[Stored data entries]
--*--

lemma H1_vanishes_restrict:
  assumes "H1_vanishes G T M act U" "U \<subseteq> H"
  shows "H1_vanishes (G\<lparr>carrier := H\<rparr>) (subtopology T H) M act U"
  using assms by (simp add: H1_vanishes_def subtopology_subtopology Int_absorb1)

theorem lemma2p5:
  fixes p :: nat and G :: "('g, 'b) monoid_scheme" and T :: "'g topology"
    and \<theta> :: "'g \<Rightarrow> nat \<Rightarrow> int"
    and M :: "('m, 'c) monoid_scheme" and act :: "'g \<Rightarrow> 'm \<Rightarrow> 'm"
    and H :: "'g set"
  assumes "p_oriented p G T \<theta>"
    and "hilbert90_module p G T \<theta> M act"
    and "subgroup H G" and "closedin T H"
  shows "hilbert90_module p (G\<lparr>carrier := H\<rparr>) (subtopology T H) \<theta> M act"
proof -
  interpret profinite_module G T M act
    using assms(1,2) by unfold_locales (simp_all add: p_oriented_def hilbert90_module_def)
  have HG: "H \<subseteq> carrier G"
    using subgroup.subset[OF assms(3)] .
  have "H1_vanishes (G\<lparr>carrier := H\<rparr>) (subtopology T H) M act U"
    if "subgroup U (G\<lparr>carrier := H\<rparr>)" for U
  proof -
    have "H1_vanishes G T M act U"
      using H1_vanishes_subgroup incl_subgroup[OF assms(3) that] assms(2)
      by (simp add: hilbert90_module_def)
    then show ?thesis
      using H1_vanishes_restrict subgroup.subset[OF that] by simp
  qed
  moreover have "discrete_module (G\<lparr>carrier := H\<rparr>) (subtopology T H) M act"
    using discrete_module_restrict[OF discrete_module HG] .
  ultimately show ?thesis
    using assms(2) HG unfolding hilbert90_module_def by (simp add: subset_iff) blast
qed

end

--*--

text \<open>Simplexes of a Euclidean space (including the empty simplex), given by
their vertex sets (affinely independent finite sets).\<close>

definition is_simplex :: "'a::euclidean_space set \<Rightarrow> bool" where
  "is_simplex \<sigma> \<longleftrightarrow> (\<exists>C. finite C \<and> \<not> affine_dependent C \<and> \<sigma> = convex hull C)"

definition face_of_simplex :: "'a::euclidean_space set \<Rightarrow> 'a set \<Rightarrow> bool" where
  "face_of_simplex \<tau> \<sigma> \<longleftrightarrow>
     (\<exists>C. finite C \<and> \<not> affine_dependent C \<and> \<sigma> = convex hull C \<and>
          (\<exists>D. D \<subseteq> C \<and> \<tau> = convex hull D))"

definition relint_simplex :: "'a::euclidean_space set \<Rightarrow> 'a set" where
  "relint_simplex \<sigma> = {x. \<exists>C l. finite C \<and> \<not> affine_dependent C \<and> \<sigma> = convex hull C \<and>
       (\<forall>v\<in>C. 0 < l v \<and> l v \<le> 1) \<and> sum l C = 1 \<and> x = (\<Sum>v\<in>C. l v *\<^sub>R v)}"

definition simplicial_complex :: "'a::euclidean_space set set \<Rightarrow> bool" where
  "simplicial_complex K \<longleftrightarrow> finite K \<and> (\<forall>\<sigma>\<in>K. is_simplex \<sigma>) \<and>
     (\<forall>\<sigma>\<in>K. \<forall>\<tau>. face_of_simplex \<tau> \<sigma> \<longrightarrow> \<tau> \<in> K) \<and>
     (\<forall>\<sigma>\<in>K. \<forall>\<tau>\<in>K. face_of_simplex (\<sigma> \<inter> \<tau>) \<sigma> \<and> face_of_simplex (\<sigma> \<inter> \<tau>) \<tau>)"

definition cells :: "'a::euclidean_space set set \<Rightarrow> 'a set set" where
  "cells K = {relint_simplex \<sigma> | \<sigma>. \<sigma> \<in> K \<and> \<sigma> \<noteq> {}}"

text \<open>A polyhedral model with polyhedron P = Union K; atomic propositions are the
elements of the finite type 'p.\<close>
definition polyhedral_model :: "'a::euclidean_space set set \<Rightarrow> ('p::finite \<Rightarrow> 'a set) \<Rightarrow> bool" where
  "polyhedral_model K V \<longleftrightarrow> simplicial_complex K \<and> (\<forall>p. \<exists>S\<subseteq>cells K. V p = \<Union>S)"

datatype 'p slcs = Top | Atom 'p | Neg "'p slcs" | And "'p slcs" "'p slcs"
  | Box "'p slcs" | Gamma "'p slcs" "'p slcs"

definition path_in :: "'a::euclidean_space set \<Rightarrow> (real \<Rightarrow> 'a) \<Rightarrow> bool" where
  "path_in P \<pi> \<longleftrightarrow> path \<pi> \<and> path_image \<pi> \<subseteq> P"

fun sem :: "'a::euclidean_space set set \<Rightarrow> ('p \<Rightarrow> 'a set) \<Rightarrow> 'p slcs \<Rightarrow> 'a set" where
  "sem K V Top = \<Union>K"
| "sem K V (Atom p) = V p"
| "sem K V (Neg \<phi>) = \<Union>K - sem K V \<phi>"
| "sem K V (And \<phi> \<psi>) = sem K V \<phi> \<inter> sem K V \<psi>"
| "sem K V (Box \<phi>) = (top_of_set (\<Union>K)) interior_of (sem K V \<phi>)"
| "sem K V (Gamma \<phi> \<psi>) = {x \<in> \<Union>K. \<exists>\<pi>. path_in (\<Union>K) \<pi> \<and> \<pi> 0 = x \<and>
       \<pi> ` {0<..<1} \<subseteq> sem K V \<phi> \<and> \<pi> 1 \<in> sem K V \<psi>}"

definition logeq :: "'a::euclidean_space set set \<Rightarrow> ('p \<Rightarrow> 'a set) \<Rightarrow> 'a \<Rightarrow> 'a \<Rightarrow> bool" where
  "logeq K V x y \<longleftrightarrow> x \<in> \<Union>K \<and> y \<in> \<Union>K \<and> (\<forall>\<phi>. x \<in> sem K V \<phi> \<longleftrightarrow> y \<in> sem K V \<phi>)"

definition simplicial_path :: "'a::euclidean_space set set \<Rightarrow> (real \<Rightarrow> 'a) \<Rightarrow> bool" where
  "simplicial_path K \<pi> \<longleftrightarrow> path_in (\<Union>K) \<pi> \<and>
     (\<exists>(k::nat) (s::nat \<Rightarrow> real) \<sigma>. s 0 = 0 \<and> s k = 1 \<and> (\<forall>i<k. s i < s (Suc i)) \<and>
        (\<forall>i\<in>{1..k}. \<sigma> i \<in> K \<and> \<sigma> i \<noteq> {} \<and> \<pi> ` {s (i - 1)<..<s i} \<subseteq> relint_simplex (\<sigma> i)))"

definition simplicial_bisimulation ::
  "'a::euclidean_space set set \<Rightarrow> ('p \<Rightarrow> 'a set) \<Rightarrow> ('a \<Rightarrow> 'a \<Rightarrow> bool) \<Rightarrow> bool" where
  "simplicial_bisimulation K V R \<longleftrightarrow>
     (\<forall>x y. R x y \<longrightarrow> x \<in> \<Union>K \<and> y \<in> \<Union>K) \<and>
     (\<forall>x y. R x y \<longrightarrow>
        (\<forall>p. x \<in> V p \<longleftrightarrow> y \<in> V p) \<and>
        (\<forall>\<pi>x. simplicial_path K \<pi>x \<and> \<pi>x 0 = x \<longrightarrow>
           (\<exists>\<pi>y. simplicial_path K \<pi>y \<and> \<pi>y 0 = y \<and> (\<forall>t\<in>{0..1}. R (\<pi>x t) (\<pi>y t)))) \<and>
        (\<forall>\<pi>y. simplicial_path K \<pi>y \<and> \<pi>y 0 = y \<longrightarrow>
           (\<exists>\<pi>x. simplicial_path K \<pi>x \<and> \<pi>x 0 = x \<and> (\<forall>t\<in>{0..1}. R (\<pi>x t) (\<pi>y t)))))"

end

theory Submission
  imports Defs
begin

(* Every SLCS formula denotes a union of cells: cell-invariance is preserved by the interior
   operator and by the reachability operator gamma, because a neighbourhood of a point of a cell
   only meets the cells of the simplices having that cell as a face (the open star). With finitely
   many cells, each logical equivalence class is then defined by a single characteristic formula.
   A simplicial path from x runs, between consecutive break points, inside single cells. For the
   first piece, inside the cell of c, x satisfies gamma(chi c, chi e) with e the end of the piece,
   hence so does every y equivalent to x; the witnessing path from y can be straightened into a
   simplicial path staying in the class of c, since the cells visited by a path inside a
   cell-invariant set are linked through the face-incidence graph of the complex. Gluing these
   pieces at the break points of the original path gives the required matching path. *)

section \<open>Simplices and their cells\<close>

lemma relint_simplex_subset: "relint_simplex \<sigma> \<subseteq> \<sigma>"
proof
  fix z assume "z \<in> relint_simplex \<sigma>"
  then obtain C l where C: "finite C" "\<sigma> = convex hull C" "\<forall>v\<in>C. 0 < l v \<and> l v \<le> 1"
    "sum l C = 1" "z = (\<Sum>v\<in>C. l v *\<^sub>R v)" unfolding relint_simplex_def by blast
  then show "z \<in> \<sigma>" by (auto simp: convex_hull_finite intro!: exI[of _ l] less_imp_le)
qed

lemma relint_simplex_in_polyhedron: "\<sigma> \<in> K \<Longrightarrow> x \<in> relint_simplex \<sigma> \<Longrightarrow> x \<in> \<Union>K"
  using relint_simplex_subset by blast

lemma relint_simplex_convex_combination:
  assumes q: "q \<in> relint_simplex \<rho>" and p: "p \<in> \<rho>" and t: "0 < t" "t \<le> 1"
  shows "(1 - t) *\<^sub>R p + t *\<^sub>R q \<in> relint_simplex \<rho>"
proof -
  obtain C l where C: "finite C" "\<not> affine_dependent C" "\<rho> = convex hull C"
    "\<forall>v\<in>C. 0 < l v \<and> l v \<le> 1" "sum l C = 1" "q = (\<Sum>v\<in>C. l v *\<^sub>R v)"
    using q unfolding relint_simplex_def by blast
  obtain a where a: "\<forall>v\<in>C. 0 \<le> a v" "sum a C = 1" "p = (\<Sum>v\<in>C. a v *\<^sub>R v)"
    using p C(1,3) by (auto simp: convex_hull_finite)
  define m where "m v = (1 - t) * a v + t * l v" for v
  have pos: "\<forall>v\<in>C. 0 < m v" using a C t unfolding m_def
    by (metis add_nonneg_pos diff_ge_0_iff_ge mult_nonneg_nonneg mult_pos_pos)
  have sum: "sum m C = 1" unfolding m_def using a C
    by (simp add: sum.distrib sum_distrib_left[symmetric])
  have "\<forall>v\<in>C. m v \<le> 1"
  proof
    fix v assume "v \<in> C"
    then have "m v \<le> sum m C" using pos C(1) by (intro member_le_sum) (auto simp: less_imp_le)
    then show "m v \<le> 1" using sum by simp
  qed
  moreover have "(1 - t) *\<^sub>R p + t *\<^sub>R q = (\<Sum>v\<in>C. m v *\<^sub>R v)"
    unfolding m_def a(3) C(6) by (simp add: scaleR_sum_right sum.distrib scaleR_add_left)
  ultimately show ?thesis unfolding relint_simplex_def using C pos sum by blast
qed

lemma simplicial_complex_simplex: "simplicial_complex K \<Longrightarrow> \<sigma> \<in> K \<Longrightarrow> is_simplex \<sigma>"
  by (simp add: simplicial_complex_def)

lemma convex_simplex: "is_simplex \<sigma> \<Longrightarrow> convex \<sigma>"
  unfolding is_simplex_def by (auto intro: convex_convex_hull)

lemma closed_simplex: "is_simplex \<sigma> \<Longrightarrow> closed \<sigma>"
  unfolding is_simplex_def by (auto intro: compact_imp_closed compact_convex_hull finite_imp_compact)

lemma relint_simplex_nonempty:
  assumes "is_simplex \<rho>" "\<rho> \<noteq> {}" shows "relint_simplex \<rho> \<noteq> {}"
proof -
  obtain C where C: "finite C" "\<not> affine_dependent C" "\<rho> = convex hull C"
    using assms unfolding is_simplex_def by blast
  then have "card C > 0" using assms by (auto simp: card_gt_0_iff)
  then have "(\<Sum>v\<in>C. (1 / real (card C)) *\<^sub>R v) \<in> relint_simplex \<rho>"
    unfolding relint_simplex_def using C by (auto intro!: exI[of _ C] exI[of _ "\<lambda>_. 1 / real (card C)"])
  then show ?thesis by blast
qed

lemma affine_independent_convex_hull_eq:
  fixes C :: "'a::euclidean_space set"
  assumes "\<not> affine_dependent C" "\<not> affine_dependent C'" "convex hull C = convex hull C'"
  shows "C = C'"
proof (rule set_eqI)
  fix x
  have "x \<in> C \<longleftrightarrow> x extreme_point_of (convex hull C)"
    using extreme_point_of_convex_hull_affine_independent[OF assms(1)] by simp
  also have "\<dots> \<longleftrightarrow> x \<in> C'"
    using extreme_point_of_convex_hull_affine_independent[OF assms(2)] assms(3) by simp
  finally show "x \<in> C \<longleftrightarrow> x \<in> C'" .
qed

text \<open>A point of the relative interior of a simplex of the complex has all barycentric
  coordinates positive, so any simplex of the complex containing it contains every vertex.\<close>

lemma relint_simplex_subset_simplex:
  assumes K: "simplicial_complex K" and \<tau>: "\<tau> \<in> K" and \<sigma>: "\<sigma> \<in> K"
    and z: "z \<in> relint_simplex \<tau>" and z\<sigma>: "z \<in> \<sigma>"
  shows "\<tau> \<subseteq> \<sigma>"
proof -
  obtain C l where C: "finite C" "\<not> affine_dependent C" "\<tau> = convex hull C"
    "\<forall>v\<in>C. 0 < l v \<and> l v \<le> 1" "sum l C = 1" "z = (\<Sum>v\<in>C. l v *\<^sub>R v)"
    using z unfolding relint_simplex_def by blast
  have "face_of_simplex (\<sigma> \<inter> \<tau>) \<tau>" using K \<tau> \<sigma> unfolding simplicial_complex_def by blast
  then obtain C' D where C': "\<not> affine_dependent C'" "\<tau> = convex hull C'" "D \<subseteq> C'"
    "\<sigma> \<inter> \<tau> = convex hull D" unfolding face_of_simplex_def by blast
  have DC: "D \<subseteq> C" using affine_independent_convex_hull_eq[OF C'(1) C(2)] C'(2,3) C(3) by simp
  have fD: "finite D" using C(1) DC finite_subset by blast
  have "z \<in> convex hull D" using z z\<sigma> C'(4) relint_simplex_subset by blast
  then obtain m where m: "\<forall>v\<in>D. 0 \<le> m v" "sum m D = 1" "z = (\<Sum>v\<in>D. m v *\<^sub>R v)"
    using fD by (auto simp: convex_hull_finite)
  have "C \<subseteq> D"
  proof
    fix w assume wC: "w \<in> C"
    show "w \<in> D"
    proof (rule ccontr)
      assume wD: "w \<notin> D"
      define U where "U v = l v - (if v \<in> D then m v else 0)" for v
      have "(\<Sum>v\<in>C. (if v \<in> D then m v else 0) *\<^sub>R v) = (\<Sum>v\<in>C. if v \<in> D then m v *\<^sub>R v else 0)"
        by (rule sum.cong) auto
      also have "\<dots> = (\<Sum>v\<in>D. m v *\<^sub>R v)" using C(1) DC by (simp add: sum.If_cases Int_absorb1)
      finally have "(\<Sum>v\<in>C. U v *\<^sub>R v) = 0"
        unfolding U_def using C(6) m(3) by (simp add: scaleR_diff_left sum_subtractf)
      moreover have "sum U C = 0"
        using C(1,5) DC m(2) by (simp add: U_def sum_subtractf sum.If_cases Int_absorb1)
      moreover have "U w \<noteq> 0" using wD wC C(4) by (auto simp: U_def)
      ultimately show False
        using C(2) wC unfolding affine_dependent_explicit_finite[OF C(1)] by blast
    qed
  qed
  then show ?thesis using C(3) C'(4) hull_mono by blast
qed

--*--

Exercise brief: The required output is each line of the entries that contains the word "from".

Exercise result:
   A simplicial path from x runs, between consecutive break points, inside single cells. For the
   hence so does every y equivalent to x; the witnessing path from y can be straightened into a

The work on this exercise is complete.